Como mulher, mãe, executiva, aliada das pautas de inclusão e retratação histórica, e como CEO que gera milhões em EBITDA, fiz um post rechaçando o absurdo daquela publicação. Não só eu. Centenas de executivas, empresárias e mulheres que caminham pessoal e profissionalmente rumo à equidade de gênero se manifestaram.
Tallis pediu desculpas, mas, convenhamos, um relato tão genuíno em defesa de algo tão incabível em pleno 2024 não se resolve com uma ou algumas palavras.
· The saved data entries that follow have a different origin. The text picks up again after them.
lemma to_fps_blaschke_sph:
  assumes "c \<noteq> 0"
  shows "to_fps (blaschke_sph c) =
    blaschke_fps (Abs_quaternion c) * blaschke_fps (hcnj (Abs_quaternion c))"
proof -
  define a where "a = Abs_quaternion c"
  define t where "t = hcnj a"
  have a0: "a \<noteq> 0"
    using assms by (simp add: a_def Abs_quaternion_eq_0_iff)
  have sum: "- (t + a) = of_real (- 2 * qre c)" "- (a + t) = of_real (- 2 * qre c)"
    using add_hcnj[of a] by (simp_all add: t_def a_def Abs_quaternion_inverse add.commute)
  have prod: "t * a = of_real ((norm c)\<^sup>2)" "a * t = of_real ((norm c)\<^sup>2)"
    by (simp_all add: t_def a_def hcnj_mult_self mult_hcnj Abs_quaternion_simps of_real_def)
  let ?den = "cpoly [qreal 1, qreal (- 2 * qre c), qreal ((norm c)\<^sup>2)]"
  let ?num = "cpoly [qreal ((norm c)\<^sup>2), qreal (- 2 * qre c), qreal 1]"
  have den: "to_fps ?den = (1 - fps_X * fps_const t) * (1 - fps_X * fps_const a)"
    unfolding one_minus_X_const_mult to_fps_cpoly3 sum prod by (simp add: Abs_quaternion_simps)
  have inv: "to_fps (sinv ?den) = fps_geometric a * fps_geometric t"
  proof (rule to_fps_sinv)
    show "to_fps ?den * (fps_geometric a * fps_geometric t) = 1"
      unfolding den
      by (simp add: mult.assoc one_minus_X_mult_fps_geometric
          flip: mult.assoc[of "1 - fps_X * fps_const a"])
    show "fps_geometric a * fps_geometric t * to_fps ?den = 1"
      unfolding den
      by (simp add: mult.assoc fps_geometric_mult_one_minus_X
          flip: mult.assoc[of "fps_geometric t"])
  qed
  have num: "to_fps ?num = (fps_const a - fps_X) * (fps_const t - fps_X)"
    unfolding const_minus_X_mult to_fps_cpoly3 sum prod by (simp add: Abs_quaternion_simps)
  show ?thesis
    unfolding blaschke_sph_def to_fps_cstar inv num a_def[symmetric] t_def[symmetric]
    using blaschke_fps_mult_hcnj[OF a0, folded t_def] by simp
qed

definition blaschke_zeros :: "(quat \<times> nat) list \<Rightarrow> quat list list \<Rightarrow> quaternion list" where
  "blaschke_zeros cms als =
     concat (map (\<lambda>(c, m). concat (replicate m [Abs_quaternion c, hcnj (Abs_quaternion c)])) cms)
     @ map Abs_quaternion (concat als)"

lemma to_fps_blaschke_prod:
  assumes "\<forall>cm\<in>set cms. fst cm \<noteq> 0" and "\<forall>al\<in>set als. \<forall>a\<in>set al. a \<noteq> 0"
  shows "to_fps (blaschke_prod cms als) = prod_list (map blaschke_fps (blaschke_zeros cms als))"
proof -
  have "to_fps (foldr (\<lambda>(c, m) acc. cstar (cpow (blaschke_sph c) m) acc) cms qunit) =
      prod_list (map blaschke_fps
        (concat (map (\<lambda>(c, m). concat (replicate m [Abs_quaternion c, hcnj (Abs_quaternion c)])) cms)))"
    using assms(1)
  proof (induction cms)
    case (Cons cm cms)
    have "prod_list (map blaschke_fps (concat (replicate m [x, y]))) =
        (blaschke_fps x * blaschke_fps y) ^ m" for m x y
      by (induction m) (simp_all add: mult.assoc)
    with Cons show ?case
      by (cases cm) (simp add: to_fps_cstar to_fps_cpow to_fps_blaschke_sph)
  qed (simp add: to_fps_qunit)
  moreover have "to_fps (foldr (\<lambda>a acc. cstar (blaschke a) acc) xs qunit) =
      prod_list (map blaschke_fps (map Abs_quaternion xs))" if "\<forall>a\<in>set xs. a \<noteq> 0" for xs
    using that by (induction xs) (simp_all add: to_fps_qunit to_fps_cstar to_fps_blaschke)
  ultimately show ?thesis
    using assms(2) by (simp add: blaschke_prod_def blaschke_zeros_def to_fps_cstar)
qed

lemma length_blaschke_zeros: "length (blaschke_zeros cms als) = blaschke_degree cms als"
proof -
  have "length (concat (map (\<lambda>(c, m). concat (replicate m [x c, y c])) cms)) =
      (\<Sum>cm\<leftarrow>cms. 2 * snd cm)" for x y :: "quat \<Rightarrow> quaternion"
    by (induction cms) (auto simp: length_concat sum_list_replicate)
  then show ?thesis
    by (simp add: blaschke_zeros_def blaschke_degree_def length_concat)
qed

lemma blaschke_zeros_in_ball:
  assumes "\<forall>cm\<in>set cms. fst cm \<in> qball - {0}" and "\<forall>al\<in>set als. \<forall>a\<in>set al. a \<in> qball - {0}"
  shows "set (blaschke_zeros cms als) \<subseteq> ball 0 1 - {0}"
  using assms
  by (auto simp: blaschke_zeros_def qball_def Abs_quaternion_simps Abs_quaternion_eq_0_iff)

section \<open>Convolution and its adjoint on summable sequences\<close>

definition l1 :: "(nat \<Rightarrow> 'a::real_normed_vector) \<Rightarrow> bool" where
  "l1 x \<longleftrightarrow> summable (\<lambda>n. norm (x n))"

definition l1_norm :: "(nat \<Rightarrow> 'a::real_normed_vector) \<Rightarrow> real" where
  "l1_norm x = (\<Sum>n. norm (x n))"

lemma norm_le_l1_norm: "l1 x \<Longrightarrow> norm (x n) \<le> l1_norm x"
  unfolding l1_def l1_norm_def using sum_le_suminf[of "\<lambda>n. norm (x n)" "{n}"] by simp

lemma l1_add [simp]: "l1 x \<Longrightarrow> l1 y \<Longrightarrow> l1 (\<lambda>n. x n + y n)"
  unfolding l1_def
  by (rule summable_comparison_test'[where g = "\<lambda>n. norm (x n) + norm (y n)"])
    (auto intro: summable_add norm_triangle_ineq)

lemma l1_diff [simp]: "l1 x \<Longrightarrow> l1 y \<Longrightarrow> l1 (\<lambda>n. x n - y n)"
  using l1_add[of x "\<lambda>n. - y n"] by (simp add: l1_def)

lemma l1_zero [simp]: "l1 (\<lambda>n. 0)"
  by (simp add: l1_def)

lemma l1_mult_right [simp]:
  fixes x :: "nat \<Rightarrow> 'a::real_normed_div_algebra"
  shows "l1 x \<Longrightarrow> l1 (\<lambda>n. x n * c)"
  unfolding l1_def by (simp add: norm_mult summable_mult2)

lemma l1_sum [simp]: "(\<And>j. j \<in> J \<Longrightarrow> l1 (y j)) \<Longrightarrow> l1 (\<lambda>n. \<Sum>j\<in>J. y j n)"
  by (induction J rule: infinite_finite_induct) simp_all

definition hinner :: "(nat \<Rightarrow> quaternion) \<Rightarrow> (nat \<Rightarrow> quaternion) \<Rightarrow> quaternion" where
  "hinner x y = (\<Sum>n. hcnj (x n) * y n)"

lemma summable_norm_hinner:
  assumes "l1 x" "l1 y"
  shows "summable (\<lambda>n. norm (hcnj (x n) * y n))"
proof (rule summable_comparison_test')
  show "summable (\<lambda>n. l1_norm x * norm (y n))"
    using assms(2) by (simp add: l1_def summable_mult)
  show "norm (norm (hcnj (x n) * y n)) \<le> l1_norm x * norm (y n)" for n
    using norm_le_l1_norm[OF assms(1), of n] by (simp add: norm_mult mult_right_mono)
qed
Vale lembrar aqui que, no espaço de apenas um story, o empresário soltou pérolas sobre o suposto mau uso da “energia feminina”, a “masculinização” de mulheres líderes e a falta de priorização do lar e da família.
Menos de 48 horas depois do pedido de desculpas, ele foi afastado do conselho consultivo da Hope, empresa liderada por mulheres e diretamente ligada ao bem-estar e à autoestima feminina. Em seguida, renunciou ao cargo de CEO e presidente do conselho da G4 e uma mulher, a chief financial officer (CFO) e sócia Maria Isabel Antonini, foi apontada para assumir o seu lugar.
Todos nós, que lidamos com imagem, sabemos que essas medidas seguem a cartilha básica da contenção de crise. Mas a história como um todo exige reflexão aprofundada, porque deixa inúmeras lições de onde estamos, para onde vamos e de quantos passos ainda devemos dar.
Primeiro, precisamos reconhecer a mobilização pública, neste caso especialmente de lideranças femininas, como importante ferramenta de transformação social. E por poder ocorrer sem que tenhamos de sair de casa ou de nossas mesas de trabalho, o fenômeno cresce em engajamento e permite reações imediatas a desrespeitos e desatinos.
Em um dos países que mais consomem redes sociais no mundo, o “ativismo virtual” – tantas vezes subestimado por não exigir mais do que um post, curtidas e comentários – reafirma o seu poder, virando capa, matéria e editorial de veículos fundamentais para o exercício da nossa democracia e a evolução da nossa sociedade e exigindo reação contundente a uma postura misógina.
O episódio também reaviva a necessidade de alinhamento entre valores, práticas e discurso das empresas. Nenhuma companhia séria pode ser liderada por alguém que se posicione contra causas sociais como a da equidade de gênero. Muito menos quando o seu público-alvo é feminino ou ela é ligada à educação, um dos setores que mais simbolizam o compromisso com o futuro do País e do mundo. É inquestionável: só as empresas comprometidas com os anseios da sociedade terão longevidade.
Por fim, mas não menos importante, vale comentar que, conforme a história evoluía nas redes e em veículos de comunicação, outros pontos de atenção em torno da pauta da inclusão começaram a aparecer. Todos de enorme relevância. Uma queixa levantada foi a de que poucos homens se manifestaram sobre o tema. A maioria deles silenciou. Talvez por falta de conhecimento e propriedade; por se sentir desconfortável de entrar nessa conversa ou por algum nível de concordância. Resumindo, a briga feminina não pode continuar sendo só feminina.
Também houve comentários de que as medidas tomadas só ocorreram porque as CEOs mulheres fazem parte da elite branca brasileira. E inegável que, especialmente em um país com tantos abismos sociais como o Brasil, os acessos para mulheres negras e periféricas chegarem a posições de liderança são ainda mais raros. Aliás, muito mais raros. Mas isso não diminui o debate, nem as batalhas que estamos travando. Pelo contrário, só aumenta a urgência de amplificarmos nossas conquistas para mais mulheres, especialmente as impactadas pela interseccionalidade. Sigamos vigilantes.